▶ **Problem statement**:
In the records below, how many lines hold the string "assoc"? Give only the number.

▶ **Available records**:
text \<open>
  Fix \<open>a\<close> and let \<open>T\<^sub>a(x) = \<sigma>(x) a + \<delta>(x)\<close>. Substituting \<open>T\<^sub>a\<close> into a skew polynomial \<open>F\<close> gives
  an additive map \<open>L\<^sub>a(F)\<close> of \<open>K\<close> with \<open>L\<^sub>a(F G) = L\<^sub>a(F) \<circ> L\<^sub>a(G)\<close> and
  \<open>L\<^sub>a(F)(b) = F(\<^sup>ba) b\<close>; in particular \<open>F(a) = L\<^sub>a(F)(1)\<close>. Every \<open>L\<^sub>a(F)\<close> is right linear over
  the division ring \<open>C(a) = {c. \<sigma>(c) a + \<delta>(c) = a c}\<close>, whose nonzero elements are the
  stabiliser of \<open>a\<close>. Splitting off one root \<open>\<^sup>ba\<close> at a time shows that the kernel of
  \<open>L\<^sub>a(F)\<close> has right \<open>C(a)\<close>-dimension at most \<open>deg F\<close>. As \<open>\<Delta>(a)\<close> is algebraic, some
  \<open>M \<noteq> 0\<close> has \<open>L\<^sub>a(M) = 0\<close>, so \<open>K\<close> itself is finite dimensional over \<open>C(a)\<close>.

  An irreducible \<open>P\<close> of degree \<open>> 1\<close> has no roots, so \<open>L\<^sub>a(P)\<close> is injective, hence bijective
  by finite dimensionality. Through \<open>L\<^sub>a(P)(b) = P(\<^sup>ba) b\<close> this makes \<open>z \<mapsto> \<^sup>P\<^sup>(\<^sup>z\<^sup>)z\<close> a
  permutation of \<open>\<Delta>(a)\<close>, which is what skew invertibility of \<open>c \<mapsto> P(c)\<close> on \<open>\<Delta>(a)\<close> amounts
  to. Finally, the minimal representation of \<open>P\<^sup>-\<^sup>1\<close> has as denominator a left scalar
  multiple of \<open>P\<close>.
\<close>

lemma coeff_lscal [simp]: "coeff (lscal c p) n = c * coeff p n"
  unfolding lscal_def by (simp add: coeff_map_poly)

lemma lscal_0_left [simp]: "lscal 0 p = 0"
  by (rule poly_eqI) simp

lemma lscal_1_left [simp]: "lscal 1 p = p"
  by (rule poly_eqI) simp

lemma lscal_0_right [simp]: "lscal c 0 = 0"
  by (rule poly_eqI) simp

lemma lscal_add_left: "lscal (c + d) p = lscal c p + lscal d p"
  by (rule poly_eqI) (simp add: distrib_right)

lemma lscal_add_right: "lscal c (p + q) = lscal c p + lscal c q"
  by (rule poly_eqI) (simp add: distrib_left)

lemma lscal_lscal: "lscal c (lscal d p) = lscal (c * d) p"
  by (rule poly_eqI) (simp add: mult.assoc)

lemma lscal_sum: "lscal c (sum f A) = (\<Sum>x\<in>A. lscal c (f x))"
  by (rule poly_eqI) (simp add: coeff_sum sum_distrib_left)

lemma lscal_const: "lscal c [:x:] = [:c * x:]"
  by (rule poly_eqI) (simp add: coeff_pCons')

lemma degree_lscal_le: "degree (lscal c p) \<le> degree p"
  by (rule degree_le) (simp add: coeff_eq_0)

lemma degree_lscal: "c \<noteq> 0 \<Longrightarrow> degree (lscal c p) = degree p"
  by (cases "p = 0") (auto intro!: antisym degree_lscal_le le_degree)

lemma const_sum: "[:sum f A:] = (\<Sum>x\<in>A. [:f x:])"
  by (rule poly_eqI) (auto simp: coeff_sum coeff_pCons')

lemma sum_atMost_degree:
  assumes "\<And>i. i > degree p \<Longrightarrow> f i = 0" "degree p \<le> N"
  shows "(\<Sum>i\<le>N. f i) = (\<Sum>i\<le>degree p. f i)"
  by (rule sum.mono_neutral_right) (use assms in auto)

locale skew_poly_ring =
  fixes \<sigma> \<delta> :: "'a::division_ring \<Rightarrow> 'a"
  assumes ring_endo: "ring_endo \<sigma>" and sigma_derivation: "sigma_derivation \<sigma> \<delta>"
begin

lemma sigma_add: "\<sigma> (x + y) = \<sigma> x + \<sigma> y"
  using ring_endo unfolding ring_endo_def by blast

lemma sigma_mult: "\<sigma> (x * y) = \<sigma> x * \<sigma> y"
  using ring_endo unfolding ring_endo_def by blast

lemma sigma_one [simp]: "\<sigma> 1 = 1"
  using ring_endo unfolding ring_endo_def by blast
lemma g_poly_root_below_minus_2:
  assumes "p \<ge> 1"
  obtains r where "r < -2" and "poly (g_poly p) r = 0"
proof -
  have "\<exists>x. -(real p + 2) < x \<and> x < -2 \<and> poly (g_poly p) x = 0"
    using assms g_fun_at_minus_P_minus_2_pos[of "real p"]
    by (intro poly_IVT_neg) (simp_all add: poly_g_poly g_fun_at_minus_2)
  with that show ?thesis by blast
qed

lemma dim_row_adjacency_matrix: "dim_row (adjacency_matrix n E) = n"
  by (simp add: adjacency_matrix_def)

lemma adjacency_matrix_mult_vec_nth:
  assumes "v \<in> carrier_vec n" and "i < n"
  shows "(adjacency_matrix n E *\<^sub>v v) $ i = (\<Sum>j<n. if E i j then v $ j else 0)"
  using assms unfolding adjacency_matrix_def
  by (auto simp: scalar_prod_def atLeast0LessThan intro!: sum.cong)

lemma sum_U'_vertices:
  fixes h :: "nat \<Rightarrow> 'a :: comm_monoid_add"
  assumes "p \<ge> 1"
  shows "(\<Sum>j<p+4. h j) = h 0 + h 1 + (\<Sum>j\<in>{2..p}. h j) + h (p+1) + h (p+2) + h (p+3)"
proof -
  have "{..<p+4} = ({0, 1} \<union> {2..p}) \<union> {p+1, p+2, p+3}" using assms by auto
  then have "(\<Sum>j<p+4. h j) = (\<Sum>j\<in>{0, 1} \<union> {2..p}. h j) + (\<Sum>j\<in>{p+1, p+2, p+3}. h j)"
    using assms by (simp only:) (rule sum.union_disjoint, auto)
  also have "(\<Sum>j\<in>{0, 1} \<union> {2..p}. h j) = (\<Sum>j\<in>{0, 1}. h j) + (\<Sum>j\<in>{2..p}. h j)"
    by (rule sum.union_disjoint) auto
  finally show ?thesis by (simp add: add.assoc)
qed

lemma sum_if_neq:
  fixes f :: "'b \<Rightarrow> 'a :: ab_group_add"
  assumes "finite A" and "i \<in> A"
  shows "(\<Sum>j\<in>A. if i \<noteq> j then f j else 0) = sum f A - f i"
proof -
  have "(\<Sum>j\<in>A. if i \<noteq> j then f j else 0) = (\<Sum>j\<in>A. f j - (if i = j then f j else 0))"
    by (rule sum.cong) auto
  also have "\<dots> = sum f A - f i"
    using assms by (simp add: sum_subtractf)
  finally show ?thesis .
qed

lemma sum_2_to_p_const:
  fixes f :: "nat \<Rightarrow> real"
  assumes "p \<ge> 1" and "\<And>i. 2 \<le> i \<Longrightarrow> i \<le> p \<Longrightarrow> f i = x"
  shows "(\<Sum>j\<in>{2..p}. f j) = (real p - 1) * x"
proof -
  have "(\<Sum>j\<in>{2..p}. f j) = (\<Sum>j\<in>{2..p}. x)" using assms(2) by (intro sum.cong) auto
  then show ?thesis using assms(1) by (simp add: of_nat_diff)
qed

abbreviation complement_U'_adj :: "nat \<Rightarrow> nat \<Rightarrow> nat \<Rightarrow> bool" where
  "complement_U'_adj p \<equiv> complement_graph (U'_adj p)"

abbreviation complement_U'_matrix :: "nat \<Rightarrow> real mat" where
  "complement_U'_matrix p \<equiv> adjacency_matrix (p + 4) (complement_U'_adj p)"

lemma complement_U'_adj_iff:
  "complement_U'_adj p i j \<longleftrightarrow> i \<noteq> j \<and> \<not> U'_edge p i j \<and> \<not> U'_edge p j i"
  by (auto simp: complement_graph_def U'_adj_def)

context
  fixes p :: nat and v :: "real vec"
  assumes p: "p \<ge> 1" and v: "v \<in> carrier_vec (p + 4)"
begin

lemma complement_U'_row:
  assumes "i < p + 4"
  shows "(complement_U'_matrix p *\<^sub>v v) $ i =
    (if complement_U'_adj p i 0 then v $ 0 else 0) + (if complement_U'_adj p i 1 then v $ 1 else 0)
    + (\<Sum>j\<in>{2..p}. if complement_U'_adj p i j then v $ j else 0)
    + (if complement_U'_adj p i (p+1) then v $ (p+1) else 0)
    + (if complement_U'_adj p i (p+2) then v $ (p+2) else 0)
    + (if complement_U'_adj p i (p+3) then v $ (p+3) else 0)"
  by (simp only: adjacency_matrix_mult_vec_nth[OF v assms] sum_U'_vertices[OF p])

lemma complement_U'_row_0:
  "(complement_U'_matrix p *\<^sub>v v) $ 0 = v $ (p+1) + v $ (p+2) + v $ (p+3)"
proof -
  have "(\<Sum>j\<in>{2..p}. if complement_U'_adj p 0 j then v $ j else 0) = 0"
    by (rule sum.neutral) (auto simp: complement_U'_adj_iff U'_edge_def)
  then show ?thesis using complement_U'_row[of 0] p by (simp add: complement_U'_adj_iff U'_edge_def)
qed
(* For every Tychonoff space $X$, the following are equivalent: (1) $C_p(X)\models S_1(\Gamma_f,\mathcal B_f)$ for every $f\in C(X)$; (2) $X\models S_1(\Gamma_F,\mathcal O)$.
   Context: All spaces are Tychonoff; $C_p(X)$ is $C(X)$ with pointwise convergence topology. For $f\in C(X)$: $\Gamma_f$ is the family of infinite $A\subseteq C(X)$ with $f\notin A$ such that every neighbourhood of $f$ contains all but finitely many elements of $A$; $\mathcal B_f$ is the family of sets $B\subseteq C(X)$ such that for every $x\in X$ and $\varepsilon>0$ there is $h\in B$ with $|h(x)-f(x)|<\varepsilon$. Zero-set: $g^{-1}(0)$, $g\in C(X)$; cozero-set: its complement. A cover $\mathcal U$ of $X$ always means $X=\bigcup\mathcal U$, $X\notin\mathcal U$; $\mathcal O$: family of open covers; $\gamma$-cover: infinite, each point in all but finitely many members. $\Gamma_F$: $\gamma$-covers $\mathcal U$ of $X$ by cozero-sets for which there are zero-sets $F(U)\subseteq U$ ($U\in\mathcal U$) with $\{F(U):U\in\mathcal U\}$ a $\gamma$-cover of $X$. $S_1(\mathcal P,\mathcal Q)$: for every sequence $(P_n)$ of elements of $\mathcal P$ there are $p_n\in P_n$ with $\{p_n:n\in\omega\}\in\mathcal Q$. *)

theory Defs
  imports "HOL-Analysis.Analysis"
begin

definition tychonoff_space :: "'a topology \<Rightarrow> bool" where
  "tychonoff_space X \<longleftrightarrow> completely_regular_space X \<and> Hausdorff_space X"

▶ **Exercise solution**:
2